The Appellant produced photographs of their final product and after going through the same, the Bench observed -

Merits:

++ The said products as has been demonstrated before us indicative that they are not bars and rods of iron and non-alloy steel but they are some articles having definite shape but not further worked upon. These kind of articles in our considered view would merit classification under 73.26 as other articles of iron and steel forged or stamped, but not further worked. Our this view is also fortified from the Explanatory Note to HSN in respect of Chapter Heading 72.14 wherein HSN clearly states as under:-

"The heading, however excludes - (a) Products consisting of two or more rolled bars twisted together (heading 73.08)

(b) Pieces cut from bars and rods with a length not exceeding the greatest cross-sectional dimension (heading 73.26)"

++ The Explanatory note to Chapter Heading 72.14 as reproduced herein above indicates that the pieces cut from bars and rods are not eligible to be classified under 72.14. The Explanatory Note to HSN of Chapter 73.26 also categorically states as under:-

"This heading covers all iron or steel articles obtained by forging or punching by cutting or stamping or by other processes such as folding, assembling, welding, turning milling or perforating other than articles included in the preceding heading of this Chapter or covered by Note I to Section XV or included in 82 or 83 or more specifically covered elsewhere in the Nomenclature."

From the photographs, it would be seen that these products are correctly classifiable as per the HSN Explanatory Note under 73.26.

++ In the case in hand the first appellate authority in the impugned order at para 11 has reproduced the manufacturing process as has been stated by the Manager of the appellant which indicates that the appellant used to continue to hammer the forged articles to the required shape and removes the excess/over shaping of the items which is resultant due to hammering from all sides and then used to clear the same.
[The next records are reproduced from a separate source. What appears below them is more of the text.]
(* Let $N_p\in\mathbb{N}$ and let $X,Y\in\mathbb{C}^{N_p\times N_p}$ be such that the block matrix $W=\begin{bmatrix} X & Y^* \\ Y & X^*\end{bmatrix}$ is invertible with $W^{-1}=\eta W^\dagger \eta$, where $\eta=\begin{bmatrix} +I & 0\\ 0 & -I\end{bmatrix}$. Let $\sigma>0$ and let $F^{20},F^{02}\in\mathbb{C}^{N_p}$ be random vectors such that all $4N_p$ real numbers $\operatorname{Re}F^{20}_i,\operatorname{Re}F^{02}_i,\operatorname{Im}F^{20}_i,\operatorname{Im}F^{02}_i$ ($i=1,\dots,N_p$) are independent, identically distributed Gaussian random variables with mean $0$ and variance $\sigma^2$. Define the random vectors $T,\widetilde T\in\mathbb{C}^{N_p}$ by $$\begin{bmatrix} T\\ \widetilde T\end{bmatrix}=W^\dagger\begin{bmatrix} F^{20}\\ F^{02}\end{bmatrix}.$$ Then for every $i=1,\dots,N_p$, $$\mathbb{E}\big[|T_i|^2\big]=\mathbb{E}\big[|\widetilde T_i|^2\big]=4\sigma^2\Big(\tfrac12+\|Y\mathbf{e}_i\|^2\Big),$$ where $\mathbf{e}_i$ is the $i$-th standard basis vector of $\mathbb{C}^{N_p}$ and $\|\cdot\|$ is the Euclidean norm.
   Context: $A^\dagger$ denotes the conjugate transpose, $A^T$ the transpose and $A^*$ the entrywise complex conjugate of a matrix $A$. In the physical interpretation, $X,Y$ are the QRPA forward/backward eigenmode amplitude matrices, $F^{20},F^{02}$ the matrix elements of a random excitation operator $\hat F$, and $T_i=\langle i|\hat F|0\rangle$, $\widetilde T_i=\langle 0|\hat F|i\rangle$ the transition strengths; these interpretations are not needed for the statement. *)

theory Defs
  imports "HOL-Analysis.Analysis" "HOL-Probability.Probability"
begin

definition adj_mat :: "complex^'n^'m \<Rightarrow> complex^'m^'n" where
  "adj_mat A = (\<chi> i j. cnj (A $ j $ i))"

definition conj_mat :: "complex^'n^'m \<Rightarrow> complex^'n^'m" where
  "conj_mat A = (\<chi> i j. cnj (A $ i $ j))"

definition block_mat ::
  "complex^'n::finite^'n \<Rightarrow> complex^'n^'n \<Rightarrow> complex^'n^'n \<Rightarrow> complex^'n^'n \<Rightarrow> complex^('n+'n)^('n+'n)" where
  "block_mat A B C D = (\<chi> k l. case k of
      Inl i \<Rightarrow> (case l of Inl j \<Rightarrow> A $ i $ j | Inr j \<Rightarrow> B $ i $ j)
    | Inr i \<Rightarrow> (case l of Inl j \<Rightarrow> C $ i $ j | Inr j \<Rightarrow> D $ i $ j))"

definition W_mat :: "complex^'n::finite^'n \<Rightarrow> complex^'n^'n \<Rightarrow> complex^('n+'n)^('n+'n)" where
  "W_mat X Y = block_mat X (conj_mat Y) Y (conj_mat X)"

definition eta_mat :: "complex^('n::finite+'n)^('n+'n)" where
  "eta_mat = (\<chi> k l. if k = l then (case k of Inl _ \<Rightarrow> 1 | Inr _ \<Rightarrow> -1) else 0)"

definition stack :: "complex^'n::finite \<Rightarrow> complex^'n \<Rightarrow> complex^('n+'n)" where
  "stack u v = (\<chi> k. case k of Inl i \<Rightarrow> u $ i | Inr i \<Rightarrow> v $ i)"

definition re_im_comps :: "('a \<Rightarrow> complex^'n) \<Rightarrow> ('a \<Rightarrow> complex^'n) \<Rightarrow> 'n \<times> bool \<times> bool \<Rightarrow> 'a \<Rightarrow> real" where
  "re_im_comps F20 F02 = (\<lambda>(i, re, is20) \<omega>.
      (if re then Re else Im) ((if is20 then F20 \<omega> else F02 \<omega>) $ i))"

end

theory Submission
  imports Defs
begin

text \<open>
  Each entry of the transformed vector is a fixed complex linear form in the \<open>4 N\<^sub>p\<close> real
  Gaussians, so by independence its mean square is \<open>\<sigma>\<^sup>2\<close> times the sum of squared moduli of the
  coefficients; splitting real and imaginary parts doubles this to \<open>2 \<sigma>\<^sup>2\<close> times the squared norm
  of the corresponding column of \<open>W\<close>. That column contains the \<open>i\<close>-th columns of \<open>X\<close> and \<open>Y\<close>
  (up to conjugation), and the diagonal of \<open>W\<^sup>\<dagger> \<eta> W = \<eta>\<close> says
  \<open>\<parallel>X e\<^sub>i\<parallel>\<^sup>2 - \<parallel>Y e\<^sub>i\<parallel>\<^sup>2 = 1\<close>.
\<close>

lemma (in prob_space) integrable_normal_distributed_power:
  assumes "0 < \<sigma>" and "distributed M lborel X (normal_density \<mu> \<sigma>)"
  shows "integrable M (\<lambda>\<omega>. (X \<omega> - \<mu>) ^ k)"
  using distributed_integrable[OF assms(2), of "\<lambda>x. (x - \<mu>) ^ k"]
    integrable_normal_moment[OF assms(1)]
  by simp

lemma (in prob_space) expectation_square_normal_distributed:
  assumes \<sigma>: "0 < \<sigma>" and normal: "distributed M lborel X (normal_density 0 \<sigma>)"
  shows "expectation (\<lambda>\<omega>. X \<omega> * X \<omega>) = \<sigma>\<^sup>2"
  using normal_distributed_variance[OF \<sigma> normal] normal_distributed_expectation[OF \<sigma> normal]
  by (simp add: power2_eq_square)

lemma (in prob_space) expectation_mult_indep_normal:
  assumes indep: "indep_vars (\<lambda>_. borel) g I"
    and normal: "\<And>k. k \<in> I \<Longrightarrow> distributed M lborel (g k) (normal_density 0 \<sigma>)"
    and \<sigma>: "0 < \<sigma>" and r: "r \<in> I" and s: "s \<in> I"
  shows "integrable M (\<lambda>\<omega>. g r \<omega> * g s \<omega>)
    \<and> expectation (\<lambda>\<omega>. g r \<omega> * g s \<omega>) = (if r = s then \<sigma>\<^sup>2 else 0)"
proof (cases "r = s")
  case True
  then show ?thesis
    using integrable_normal_distributed_power[OF \<sigma> normal[OF s], of 2]
      expectation_square_normal_distributed[OF \<sigma> normal[OF s]]
    by (simp add: power2_eq_square)
next
  case False
  have pair: "indep_vars (\<lambda>_. borel) g {r, s}"
    using indep_vars_subset[OF indep] r s by simp
  have "integrable M (g k)" if "k \<in> {r, s}" for k
    using integrable_normal_distributed_power[OF \<sigma> normal, of k 1] that r s by auto
  then have "integrable M (\<lambda>\<omega>. \<Prod>k\<in>{r, s}. g k \<omega>)
      \<and> expectation (\<lambda>\<omega>. \<Prod>k\<in>{r, s}. g k \<omega>) = (\<Prod>k\<in>{r, s}. expectation (g k))"
    using indep_vars_integrable[OF _ pair] indep_vars_lebesgue_integral[OF _ pair] by simp
  then show ?thesis
    using False normal_distributed_expectation[OF \<sigma> normal] r s by simp
qed

lemma cmod_sum_of_real_squared:
  "(cmod (\<Sum>r\<in>I. d r * of_real (x r)))\<^sup>2
    = (\<Sum>r\<in>I. \<Sum>s\<in>I. Re (d r * cnj (d s)) * (x r * x s))"
proof -
  let ?z = "\<Sum>r\<in>I. d r * of_real (x r)"
  have "(cmod ?z)\<^sup>2 = Re (?z * cnj ?z)"
    by (simp only: complex_mult_cnj cmod_power2 Re_complex_of_real)
  also have "?z * cnj ?z = (\<Sum>r\<in>I. \<Sum>s\<in>I. (d r * cnj (d s)) * of_real (x r * x s))"
    by (simp add: sum_product cnj_sum mult_ac)
  finally show ?thesis
    by (simp add: Re_sum)
qed

lemma (in prob_space) expectation_cmod_sum_indep_normal:
  assumes "finite I"
    and indep: "indep_vars (\<lambda>_. borel) g I"
    and normal: "\<And>k. k \<in> I \<Longrightarrow> distributed M lborel (g k) (normal_density 0 \<sigma>)"
    and \<sigma>: "0 < \<sigma>"
  shows "expectation (\<lambda>\<omega>. (cmod (\<Sum>r\<in>I. d r * of_real (g r \<omega>)))\<^sup>2)
    = \<sigma>\<^sup>2 * (\<Sum>r\<in>I. (cmod (d r))\<^sup>2)"
proof -
  note moments = expectation_mult_indep_normal[OF indep normal \<sigma>]
  have "expectation (\<lambda>\<omega>. (cmod (\<Sum>r\<in>I. d r * of_real (g r \<omega>)))\<^sup>2)
      = (\<Sum>r\<in>I. \<Sum>s\<in>I. Re (d r * cnj (d s)) * expectation (\<lambda>\<omega>. g r \<omega> * g s \<omega>))"
    by (simp add: cmod_sum_of_real_squared integral_sum integrable_sum moments)
  also have "\<dots> = (\<Sum>r\<in>I. Re (d r * cnj (d r)) * \<sigma>\<^sup>2)"
    using \<open>finite I\<close> by (simp add: moments if_distrib cong: if_cong)
  also have "\<dots> = \<sigma>\<^sup>2 * (\<Sum>r\<in>I. (cmod (d r))\<^sup>2)"
    by (simp add: sum_distrib_left complex_mult_cnj cmod_power2 mult_ac)
  finally show ?thesis .
qed

lemma sum_UNIV_Plus:
  fixes f :: "'n::finite + 'm::finite \<Rightarrow> 'b::comm_monoid_add"
  shows "(\<Sum>k\<in>UNIV. f k) = (\<Sum>j\<in>UNIV. f (Inl j)) + (\<Sum>j\<in>UNIV. f (Inr j))"
  using sum.Plus[of "UNIV::'n set" "UNIV::'m set" f] by (simp add: comp_def)

lemma sum_UNIV_prod_bool_bool:
  fixes f :: "'n::finite \<times> bool \<times> bool \<Rightarrow> 'b::comm_monoid_add"
  shows "(\<Sum>r\<in>UNIV. f r)
    = (\<Sum>j\<in>UNIV. f (j, True, True) + f (j, True, False) + f (j, False, True) + f (j, False, False))"
proof -
  have "(\<Sum>r\<in>UNIV. f r) = (\<Sum>j\<in>UNIV. \<Sum>p\<in>UNIV \<times> UNIV. f (j, p))"
    by (simp add: sum.cartesian_product UNIV_Times_UNIV)
  then show ?thesis
    by (simp add: sum.cartesian_product[symmetric] UNIV_bool add_ac)
qed

definition re_im_coeffs :: "('n + 'n \<Rightarrow> complex) \<Rightarrow> 'n \<times> bool \<times> bool \<Rightarrow> complex" where
  "re_im_coeffs c = (\<lambda>(j, re, is20). (if is20 then c (Inl j) else c (Inr j)) * (if re then 1 else \<i>))"

lemma sum_stack_eq_sum_re_im_comps:
  fixes c :: "'n::finite + 'n \<Rightarrow> complex"
  shows "(\<Sum>k\<in>UNIV. c k * stack (F20 \<omega>) (F02 \<omega>) $ k)
    = (\<Sum>r\<in>UNIV. re_im_coeffs c r * of_real (re_im_comps F20 F02 r \<omega>))"
  unfolding sum_UNIV_Plus sum_UNIV_prod_bool_bool sum.distrib[symmetric]
  by (rule sum.cong)
     (simp_all add: stack_def re_im_coeffs_def re_im_comps_def complex_eq_iff algebra_simps)

lemma sum_cmod_re_im_coeffs:
  fixes c :: "'n::finite + 'n \<Rightarrow> complex"
  shows "(\<Sum>r\<in>UNIV. (cmod (re_im_coeffs c r))\<^sup>2) = 2 * (\<Sum>k\<in>UNIV. (cmod (c k))\<^sup>2)"
  by (simp add: sum_UNIV_Plus sum_UNIV_prod_bool_bool re_im_coeffs_def norm_mult
      sum.distrib sum_distrib_left)

lemma expectation_cmod_linear_form_stack:
  fixes c :: "'n::finite + 'n \<Rightarrow> complex"
  assumes "prob_space M"
    and "prob_space.indep_vars M (\<lambda>_. borel) (re_im_comps F20 F02) UNIV"
    and "\<And>k. distributed M lborel (re_im_comps F20 F02 k) (normal_density 0 \<sigma>)"
    and "0 < \<sigma>"
  shows "(LINT \<omega>|M. (cmod (\<Sum>k\<in>UNIV. c k * stack (F20 \<omega>) (F02 \<omega>) $ k))\<^sup>2)
    = 2 * \<sigma>\<^sup>2 * (\<Sum>k\<in>UNIV. (cmod (c k))\<^sup>2)"
  using prob_space.expectation_cmod_sum_indep_normal[OF assms(1) _ assms(2-4)]
  by (simp add: sum_stack_eq_sum_re_im_comps sum_cmod_re_im_coeffs)

definition eta_sign :: "'n + 'm \<Rightarrow> complex" where
  "eta_sign k = (case k of Inl _ \<Rightarrow> 1 | Inr _ \<Rightarrow> -1)"

lemma eta_mat_mult_nth: "(eta_mat ** A) $ k $ l = eta_sign k * A $ k $ l"
  by (simp add: matrix_matrix_mult_def eta_mat_def eta_sign_def if_distrib[of "\<lambda>x. x * _"]
      cong: if_cong)

lemma mult_eta_mat_nth: "(A ** eta_mat) $ k $ l = A $ k $ l * eta_sign l"
  by (simp add: matrix_matrix_mult_def eta_mat_def eta_sign_def if_distrib[of "\<lambda>x. _ * x"]
      cong: if_cong)

lemma matrix_inv_mult_left: "invertible A \<Longrightarrow> matrix_inv A ** A = mat 1"
  unfolding invertible_def matrix_inv_def by (rule someI2_ex) auto

lemma eta_sign_mult_self: "eta_sign k * eta_sign k = 1"
  by (simp add: eta_sign_def split: sum.split)

lemma pseudo_unitary_column_norm:
  fixes W :: "complex^('n::finite + 'n)^('n + 'n)"
  assumes "invertible W" and "matrix_inv W = eta_mat ** adj_mat W ** eta_mat"
  shows "(\<Sum>m\<in>UNIV. eta_sign m * of_real ((cmod (W $ m $ l))\<^sup>2)) = eta_sign l"
proof -
  have "(eta_mat ** adj_mat W ** eta_mat ** W) $ l $ l = 1"
    using matrix_inv_mult_left[OF assms(1)] assms(2) by (simp add: mat_def)
  then have "eta_sign l * (\<Sum>m\<in>UNIV. eta_sign m * of_real ((cmod (W $ m $ l))\<^sup>2)) = 1"
    by (simp add: matrix_matrix_mult_def[of "_ ** eta_mat"] eta_mat_mult_nth mult_eta_mat_nth
        adj_mat_def complex_norm_square sum_distrib_left mult_ac del: of_real_power)
  then have "eta_sign l * (eta_sign l * (\<Sum>m\<in>UNIV. eta_sign m * of_real ((cmod (W $ m $ l))\<^sup>2)))
      = eta_sign l"
    by simp
  then show ?thesis
    by (simp only: mult.assoc[symmetric] eta_sign_mult_self mult_1)
qed

lemma norm_mult_axis_squared:
  fixes A :: "complex^'n::finite^'m::finite"
  shows "(norm (A *v axis i 1))\<^sup>2 = (\<Sum>j\<in>UNIV. (cmod (A $ j $ i))\<^sup>2)"
proof -
  have "(A *v axis i 1) $ j = A $ j $ i" for j
    by (simp add: matrix_vector_mult_def axis_def if_distrib[of "\<lambda>x. _ * x"] cong: if_cong)
  then show ?thesis
    by (simp add: norm_vec_def L2_set_def sum_nonneg)
qed

lemma W_mat_column_norm_identity:
  fixes X Y :: "complex^'n::finite^'n"
  assumes "invertible (W_mat X Y)"
    and "matrix_inv (W_mat X Y) = eta_mat ** adj_mat (W_mat X Y) ** eta_mat"
  shows "(norm (X *v axis i 1))\<^sup>2 = 1 + (norm (Y *v axis i 1))\<^sup>2"
proof -
  have "of_real ((\<Sum>j\<in>UNIV. (cmod (X $ j $ i))\<^sup>2) - (\<Sum>j\<in>UNIV. (cmod (Y $ j $ i))\<^sup>2)) = (1::complex)"
    using pseudo_unitary_column_norm[OF assms, of "Inl i"]
    by (simp add: sum_UNIV_Plus eta_sign_def W_mat_def block_mat_def sum_negf)
  then have "(\<Sum>j\<in>UNIV. (cmod (X $ j $ i))\<^sup>2) - (\<Sum>j\<in>UNIV. (cmod (Y $ j $ i))\<^sup>2) = 1"
    by (simp only: of_real_eq_1_iff)
  then show ?thesis
    by (simp add: norm_mult_axis_squared)
qed

lemma sum_cmod_W_mat_column:
  fixes X Y :: "complex^'n::finite^'n"
  assumes "l = Inl i \<or> l = Inr i"
  shows "(\<Sum>k\<in>UNIV. (cmod (W_mat X Y $ k $ l))\<^sup>2)
    = (norm (X *v axis i 1))\<^sup>2 + (norm (Y *v axis i 1))\<^sup>2"
  using assms
  by (auto simp: sum_UNIV_Plus W_mat_def block_mat_def conj_mat_def norm_mult_axis_squared)

theorem mainTheorem1:
  fixes X Y :: "complex^'n^'n"
    and M :: "'a measure"
    and \<sigma> :: real
    and F20 F02 :: "'a \<Rightarrow> complex^'n"
  assumes W_inv: "invertible (W_mat X Y)"
    and W_inv_eq: "matrix_inv (W_mat X Y) = eta_mat ** adj_mat (W_mat X Y) ** eta_mat"
    and sigma_pos: "\<sigma> > 0"
    and M: "prob_space M"
    and indep: "prob_space.indep_vars M (\<lambda>_. borel) (re_im_comps F20 F02) UNIV"
    and gauss: "\<And>k. distributed M lborel (re_im_comps F20 F02 k) (normal_density 0 \<sigma>)"
  shows "\<forall>i.
      (LINT \<omega>|M. (cmod ((adj_mat (W_mat X Y) *v stack (F20 \<omega>) (F02 \<omega>)) $ Inl i))\<^sup>2)
        = 4 * \<sigma>\<^sup>2 * (1/2 + (norm (Y *v axis i 1))\<^sup>2)
    \<and> (LINT \<omega>|M. (cmod ((adj_mat (W_mat X Y) *v stack (F20 \<omega>) (F02 \<omega>)) $ Inr i))\<^sup>2)
        = 4 * \<sigma>\<^sup>2 * (1/2 + (norm (Y *v axis i 1))\<^sup>2)"
proof -
  let ?W = "W_mat X Y"
  have "(LINT \<omega>|M. (cmod ((adj_mat ?W *v stack (F20 \<omega>) (F02 \<omega>)) $ l))\<^sup>2)
      = 4 * \<sigma>\<^sup>2 * (1/2 + (norm (Y *v axis i 1))\<^sup>2)" if "l = Inl i \<or> l = Inr i" for l i
  proof -
    have "(LINT \<omega>|M. (cmod ((adj_mat ?W *v stack (F20 \<omega>) (F02 \<omega>)) $ l))\<^sup>2)
        = 2 * \<sigma>\<^sup>2 * (\<Sum>k\<in>UNIV. (cmod (?W $ k $ l))\<^sup>2)"
      using expectation_cmod_linear_form_stack[OF M indep gauss sigma_pos, of "\<lambda>k. cnj (?W $ k $ l)"]
      by (simp add: matrix_vector_mult_def adj_mat_def)
    then show ?thesis
      by (simp add: sum_cmod_W_mat_column[OF that] W_mat_column_norm_identity[OF W_inv W_inv_eq]
          algebra_simps)
  qed
  then show ?thesis by simp
qed

end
Noting that the reliance placed by the AR on the cited judgements were apt, the Bench concluded that the impugned articles would fall under Heading 73.26.

Limitation:

++ It is undisputed that appellant had been classifying the very same products from 1994 onwards under Ch. Heading 72.14 and also when they started manufacturing of products filed declaration with the authorities seeking to classify the product under Ch. Heading 72.14. Admittedly, during the material period there was no system of approval of the classification list filed by the assessee, at the same time the department cannot shirk away from their responsibility that they were aware of the classification of the product. It is on record that appellant was filing monthly returns indicating therein the clearances of forged articles by availing benefit and paying lesser duty.

++ Secondly, we find that the appellant's records were audited by audit party in EA-2000, Comprehensive audit, which has been formulated by the Govt. of India, includes all the aspects of business of the unit which is being audited. It was the duty of the audit party to consider whether the classification was correct and the appellant had availed the benefit of Notification correctly or otherwise. The audit report which has been produced before us indicate that this issue was not raked by the audit team would mean that it was accepted by the audit team that the classification of products is under Notification 72.14. Now the department cannot say that EA 2000 audit was not for the classification of the product and was for other procedural aspects.

Holding that the demand notice is blatantly hit by limitation, the order was set aside and the appeal was allowed.